TASK BRIEF
Copy all the records exactly; the complete set is the expected result.
---------- EXERCISE INPUTS ----------
(* Let $C\in\mathscr{C}$ and let $k_C\colon K_C\to C$ be obtained as follows: choose a distinguished triangle $S[-1]\to C\overset{a}{\to}T\to S$ with $S\in\mathcal{S},T\in\mathcal{T}$; choose a distinguished triangle $U\to T\overset{b}{\to}V[1]\to U[1]$ with $U\in\mathcal{U},V\in\mathcal{V}$; and choose a distinguished triangle $V\to K_C\overset{k_C}{\to}C\overset{b\circ a}{\to}V[1]$. Then for every $X\in\mathscr{C}^-$, the map \[ \underline{k}_C\circ-\colon\underline{\mathscr{C}}^-(X,K_C)\to\underline{\mathscr{C}}(X,C) \] is bijective.
   Context: $\mathscr{C}$ is a triangulated category with shift $[1]$; subcategories are full, additive, closed under isomorphisms and direct summands. $\mathrm{Ext}^1(X,Y)=\mathscr{C}(X,Y[1])$. $\mathcal{M}\ast\mathcal{N}$ is the full subcategory of objects $C$ admitting a distinguished triangle $M\to C\to N\to M[1]$ with $M\in\mathcal{M}$, $N\in\mathcal{N}$. A cotorsion pair $(\mathcal{U},\mathcal{V})$: $\mathrm{Ext}^1(\mathcal{U},\mathcal{V})=0$ and $\mathscr{C}=\mathcal{U}\ast\mathcal{V}[1]$. Fix a twin cotorsion pair, i.e. cotorsion pairs $(\mathcal{S},\mathcal{T}),(\mathcal{U},\mathcal{V})$ with $\mathrm{Ext}^1(\mathcal{S},\mathcal{V})=0$. Put $\mathcal{W}=\mathcal{T}\cap\mathcal{U}$, $\mathscr{C}^-=\mathcal{S}[-1]\ast\mathcal{W}$. $\underline{\mathscr{C}}$ and $\underline{\mathscr{C}}^-$ denote the ideal quotients of $\mathscr{C}$ and $\mathscr{C}^-$ by morphisms factoring through objects of $\mathcal{W}$, and $\underline{f}$ is the image of a morphism $f$. (One has $K_C\in\mathscr{C}^-$.) *)

theory Defs
  imports Main
begin

text \<open>Objects are all elements of
the type 'o; morphisms are elements of 'm, with hom-sets Hom X Y.  The shift [1]
is given on objects by shO (assumed bijective, so [-1] is its inverse) and on
morphisms by shM.  dist X Y Z f g h means X -f-> Y -g-> Z -h-> X[1] is distinguished.\<close>

record ('o, 'm) tricat =
  Hom   :: "'o \<Rightarrow> 'o \<Rightarrow> 'm set"
  cmp   :: "'m \<Rightarrow> 'm \<Rightarrow> 'm"   (* cmp g f = g o f *)
  idm   :: "'o \<Rightarrow> 'm"
  addm  :: "'m \<Rightarrow> 'm \<Rightarrow> 'm"
  negm  :: "'m \<Rightarrow> 'm"
  zerom :: "'o \<Rightarrow> 'o \<Rightarrow> 'm"
  shO   :: "'o \<Rightarrow> 'o"
  shM   :: "'m \<Rightarrow> 'm"
  dist  :: "'o \<Rightarrow> 'o \<Rightarrow> 'o \<Rightarrow> 'm \<Rightarrow> 'm \<Rightarrow> 'm \<Rightarrow> bool"

definition category_axioms :: "('o, 'm, 'x) tricat_scheme \<Rightarrow> bool" where
  "category_axioms C \<longleftrightarrow>
     (\<forall>X Y Z f g. f \<in> Hom C X Y \<longrightarrow> g \<in> Hom C Y Z \<longrightarrow> cmp C g f \<in> Hom C X Z) \<and>
     (\<forall>X. idm C X \<in> Hom C X X) \<and>
     (\<forall>X Y f. f \<in> Hom C X Y \<longrightarrow> cmp C f (idm C X) = f \<and> cmp C (idm C Y) f = f) \<and>
     (\<forall>W X Y Z f g h. f \<in> Hom C W X \<longrightarrow> g \<in> Hom C X Y \<longrightarrow> h \<in> Hom C Y Z \<longrightarrow>
        cmp C h (cmp C g f) = cmp C (cmp C h g) f)"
----------
FINISHED EXERCISE
(* Let $C\in\mathscr{C}$ and let $k_C\colon K_C\to C$ be obtained as follows: choose a distinguished triangle $S[-1]\to C\overset{a}{\to}T\to S$ with $S\in\mathcal{S},T\in\mathcal{T}$; choose a distinguished triangle $U\to T\overset{b}{\to}V[1]\to U[1]$ with $U\in\mathcal{U},V\in\mathcal{V}$; and choose a distinguished triangle $V\to K_C\overset{k_C}{\to}C\overset{b\circ a}{\to}V[1]$. Then for every $X\in\mathscr{C}^-$, the map \[ \underline{k}_C\circ-\colon\underline{\mathscr{C}}^-(X,K_C)\to\underline{\mathscr{C}}(X,C) \] is bijective.
   Context: $\mathscr{C}$ is a triangulated category with shift $[1]$; subcategories are full, additive, closed under isomorphisms and direct summands. $\mathrm{Ext}^1(X,Y)=\mathscr{C}(X,Y[1])$. $\mathcal{M}\ast\mathcal{N}$ is the full subcategory of objects $C$ admitting a distinguished triangle $M\to C\to N\to M[1]$ with $M\in\mathcal{M}$, $N\in\mathcal{N}$. A cotorsion pair $(\mathcal{U},\mathcal{V})$: $\mathrm{Ext}^1(\mathcal{U},\mathcal{V})=0$ and $\mathscr{C}=\mathcal{U}\ast\mathcal{V}[1]$. Fix a twin cotorsion pair, i.e. cotorsion pairs $(\mathcal{S},\mathcal{T}),(\mathcal{U},\mathcal{V})$ with $\mathrm{Ext}^1(\mathcal{S},\mathcal{V})=0$. Put $\mathcal{W}=\mathcal{T}\cap\mathcal{U}$, $\mathscr{C}^-=\mathcal{S}[-1]\ast\mathcal{W}$. $\underline{\mathscr{C}}$ and $\underline{\mathscr{C}}^-$ denote the ideal quotients of $\mathscr{C}$ and $\mathscr{C}^-$ by morphisms factoring through objects of $\mathcal{W}$, and $\underline{f}$ is the image of a morphism $f$. (One has $K_C\in\mathscr{C}^-$.) *)

theory Defs
  imports Main
begin

text \<open>Objects are all elements of
the type 'o; morphisms are elements of 'm, with hom-sets Hom X Y.  The shift [1]
is given on objects by shO (assumed bijective, so [-1] is its inverse) and on
morphisms by shM.  dist X Y Z f g h means X -f-> Y -g-> Z -h-> X[1] is distinguished.\<close>

record ('o, 'm) tricat =
  Hom   :: "'o \<Rightarrow> 'o \<Rightarrow> 'm set"
  cmp   :: "'m \<Rightarrow> 'm \<Rightarrow> 'm"   (* cmp g f = g o f *)
  idm   :: "'o \<Rightarrow> 'm"
  addm  :: "'m \<Rightarrow> 'm \<Rightarrow> 'm"
  negm  :: "'m \<Rightarrow> 'm"
  zerom :: "'o \<Rightarrow> 'o \<Rightarrow> 'm"
  shO   :: "'o \<Rightarrow> 'o"
  shM   :: "'m \<Rightarrow> 'm"
  dist  :: "'o \<Rightarrow> 'o \<Rightarrow> 'o \<Rightarrow> 'm \<Rightarrow> 'm \<Rightarrow> 'm \<Rightarrow> bool"

definition category_axioms :: "('o, 'm, 'x) tricat_scheme \<Rightarrow> bool" where
  "category_axioms C \<longleftrightarrow>
     (\<forall>X Y Z f g. f \<in> Hom C X Y \<longrightarrow> g \<in> Hom C Y Z \<longrightarrow> cmp C g f \<in> Hom C X Z) \<and>
     (\<forall>X. idm C X \<in> Hom C X X) \<and>
     (\<forall>X Y f. f \<in> Hom C X Y \<longrightarrow> cmp C f (idm C X) = f \<and> cmp C (idm C Y) f = f) \<and>
     (\<forall>W X Y Z f g h. f \<in> Hom C W X \<longrightarrow> g \<in> Hom C X Y \<longrightarrow> h \<in> Hom C Y Z \<longrightarrow>
        cmp C h (cmp C g f) = cmp C (cmp C h g) f)"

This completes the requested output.